Required action |
The entries below contain a line with "i) \<in> vecs" and a line with "j \<le> hdist". Quote exactly those two lines and all lines between them.

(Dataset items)
--------------------
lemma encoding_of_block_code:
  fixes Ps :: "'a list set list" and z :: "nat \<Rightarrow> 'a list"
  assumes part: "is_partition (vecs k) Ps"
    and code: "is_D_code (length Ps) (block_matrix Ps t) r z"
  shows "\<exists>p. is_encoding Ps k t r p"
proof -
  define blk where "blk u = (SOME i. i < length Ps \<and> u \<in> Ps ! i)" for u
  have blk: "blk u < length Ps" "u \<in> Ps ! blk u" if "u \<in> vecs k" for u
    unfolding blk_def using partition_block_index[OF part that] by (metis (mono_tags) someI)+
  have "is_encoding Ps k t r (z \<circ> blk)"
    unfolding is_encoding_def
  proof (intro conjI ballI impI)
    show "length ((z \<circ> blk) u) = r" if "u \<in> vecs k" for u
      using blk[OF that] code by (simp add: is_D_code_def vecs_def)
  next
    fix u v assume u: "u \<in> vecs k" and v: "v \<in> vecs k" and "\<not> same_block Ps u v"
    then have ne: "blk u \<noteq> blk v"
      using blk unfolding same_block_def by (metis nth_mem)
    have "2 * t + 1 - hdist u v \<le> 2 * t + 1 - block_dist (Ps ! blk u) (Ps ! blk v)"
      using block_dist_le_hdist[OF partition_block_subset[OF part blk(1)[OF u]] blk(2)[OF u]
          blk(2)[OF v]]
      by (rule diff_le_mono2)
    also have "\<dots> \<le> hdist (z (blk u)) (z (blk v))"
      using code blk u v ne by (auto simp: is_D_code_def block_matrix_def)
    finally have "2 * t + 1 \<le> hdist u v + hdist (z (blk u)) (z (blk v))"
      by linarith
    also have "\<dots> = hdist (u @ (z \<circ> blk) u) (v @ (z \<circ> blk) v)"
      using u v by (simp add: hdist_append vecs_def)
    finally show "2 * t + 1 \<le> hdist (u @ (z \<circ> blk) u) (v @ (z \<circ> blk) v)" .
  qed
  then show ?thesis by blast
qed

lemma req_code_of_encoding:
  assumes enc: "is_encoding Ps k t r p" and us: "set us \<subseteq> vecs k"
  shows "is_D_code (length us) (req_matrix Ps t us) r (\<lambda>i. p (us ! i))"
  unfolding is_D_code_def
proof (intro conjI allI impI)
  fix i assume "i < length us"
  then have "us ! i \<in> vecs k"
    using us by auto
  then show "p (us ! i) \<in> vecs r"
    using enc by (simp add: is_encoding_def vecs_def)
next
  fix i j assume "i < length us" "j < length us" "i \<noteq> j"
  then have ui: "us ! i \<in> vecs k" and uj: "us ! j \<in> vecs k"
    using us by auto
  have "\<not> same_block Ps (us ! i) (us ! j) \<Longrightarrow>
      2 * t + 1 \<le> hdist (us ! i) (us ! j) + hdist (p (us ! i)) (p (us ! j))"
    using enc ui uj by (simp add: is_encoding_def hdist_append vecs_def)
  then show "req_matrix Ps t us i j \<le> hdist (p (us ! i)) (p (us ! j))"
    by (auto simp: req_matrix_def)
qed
--------------------
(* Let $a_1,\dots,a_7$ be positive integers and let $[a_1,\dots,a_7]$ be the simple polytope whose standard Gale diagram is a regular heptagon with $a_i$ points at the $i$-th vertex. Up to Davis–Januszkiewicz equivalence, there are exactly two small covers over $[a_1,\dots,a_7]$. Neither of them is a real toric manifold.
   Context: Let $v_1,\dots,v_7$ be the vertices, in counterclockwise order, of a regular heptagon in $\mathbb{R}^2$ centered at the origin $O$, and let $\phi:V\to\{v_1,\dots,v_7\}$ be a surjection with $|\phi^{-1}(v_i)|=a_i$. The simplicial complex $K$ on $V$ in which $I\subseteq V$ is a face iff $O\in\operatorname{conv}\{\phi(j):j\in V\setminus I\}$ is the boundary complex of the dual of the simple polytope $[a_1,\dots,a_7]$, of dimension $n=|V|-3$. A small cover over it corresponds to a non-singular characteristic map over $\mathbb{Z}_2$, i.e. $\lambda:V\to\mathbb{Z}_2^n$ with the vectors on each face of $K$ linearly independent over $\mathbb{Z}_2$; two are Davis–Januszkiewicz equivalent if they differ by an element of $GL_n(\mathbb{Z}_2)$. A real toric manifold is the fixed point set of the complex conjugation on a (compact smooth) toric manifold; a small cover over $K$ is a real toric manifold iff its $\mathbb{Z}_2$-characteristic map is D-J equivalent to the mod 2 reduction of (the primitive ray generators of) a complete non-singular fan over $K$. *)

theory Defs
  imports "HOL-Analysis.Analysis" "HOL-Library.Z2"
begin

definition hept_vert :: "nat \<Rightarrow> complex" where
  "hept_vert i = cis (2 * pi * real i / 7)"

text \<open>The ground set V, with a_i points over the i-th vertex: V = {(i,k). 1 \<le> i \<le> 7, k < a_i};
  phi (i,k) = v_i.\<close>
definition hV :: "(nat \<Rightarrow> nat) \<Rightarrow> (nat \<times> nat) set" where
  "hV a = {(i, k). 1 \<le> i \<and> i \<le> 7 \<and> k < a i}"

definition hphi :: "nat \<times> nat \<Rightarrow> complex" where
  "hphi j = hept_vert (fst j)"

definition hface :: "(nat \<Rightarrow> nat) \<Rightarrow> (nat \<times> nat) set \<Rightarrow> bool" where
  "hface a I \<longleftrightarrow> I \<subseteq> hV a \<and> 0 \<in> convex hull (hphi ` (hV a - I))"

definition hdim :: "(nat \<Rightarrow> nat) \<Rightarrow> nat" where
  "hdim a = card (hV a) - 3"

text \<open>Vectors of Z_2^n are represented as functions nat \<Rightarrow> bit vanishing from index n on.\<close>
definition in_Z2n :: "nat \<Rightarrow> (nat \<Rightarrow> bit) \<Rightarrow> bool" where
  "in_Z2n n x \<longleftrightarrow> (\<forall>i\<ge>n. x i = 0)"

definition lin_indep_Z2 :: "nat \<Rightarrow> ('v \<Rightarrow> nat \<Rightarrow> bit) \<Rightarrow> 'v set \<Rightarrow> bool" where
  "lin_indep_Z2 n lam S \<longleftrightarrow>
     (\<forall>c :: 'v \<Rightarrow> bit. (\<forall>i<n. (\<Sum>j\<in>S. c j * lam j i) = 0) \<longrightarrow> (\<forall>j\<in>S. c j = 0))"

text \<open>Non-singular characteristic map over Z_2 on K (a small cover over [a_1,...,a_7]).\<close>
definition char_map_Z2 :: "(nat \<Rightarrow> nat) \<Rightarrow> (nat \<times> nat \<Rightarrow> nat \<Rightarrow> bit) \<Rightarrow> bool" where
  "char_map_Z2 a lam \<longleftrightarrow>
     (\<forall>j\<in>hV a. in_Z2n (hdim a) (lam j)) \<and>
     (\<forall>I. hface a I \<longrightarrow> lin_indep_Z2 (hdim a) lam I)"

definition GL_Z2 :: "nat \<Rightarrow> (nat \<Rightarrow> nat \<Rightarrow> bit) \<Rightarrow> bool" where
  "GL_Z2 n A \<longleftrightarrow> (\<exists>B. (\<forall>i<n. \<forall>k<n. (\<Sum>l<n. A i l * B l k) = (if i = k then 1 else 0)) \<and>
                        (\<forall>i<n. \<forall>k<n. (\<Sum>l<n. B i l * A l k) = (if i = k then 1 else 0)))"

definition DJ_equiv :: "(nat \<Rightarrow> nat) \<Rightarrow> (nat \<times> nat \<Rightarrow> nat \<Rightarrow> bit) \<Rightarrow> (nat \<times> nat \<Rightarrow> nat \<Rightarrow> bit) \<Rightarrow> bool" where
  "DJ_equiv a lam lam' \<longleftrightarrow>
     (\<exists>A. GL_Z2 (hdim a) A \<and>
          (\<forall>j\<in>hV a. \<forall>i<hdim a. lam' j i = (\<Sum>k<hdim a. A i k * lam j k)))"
--------------------
Written solution |
  then show "p (us ! i) \<in> vecs r"
    using enc by (simp add: is_encoding_def vecs_def)
next
  fix i j assume "i < length us" "j < length us" "i \<noteq> j"
  then have ui: "us ! i \<in> vecs k" and uj: "us ! j \<in> vecs k"
    using us by auto
  have "\<not> same_block Ps (us ! i) (us ! j) \<Longrightarrow>
      2 * t + 1 \<le> hdist (us ! i) (us ! j) + hdist (p (us ! i)) (p (us ! j))"
    using enc ui uj by (simp add: is_encoding_def hdist_append vecs_def)
  then show "req_matrix Ps t us i j \<le> hdist (p (us ! i)) (p (us ! j))"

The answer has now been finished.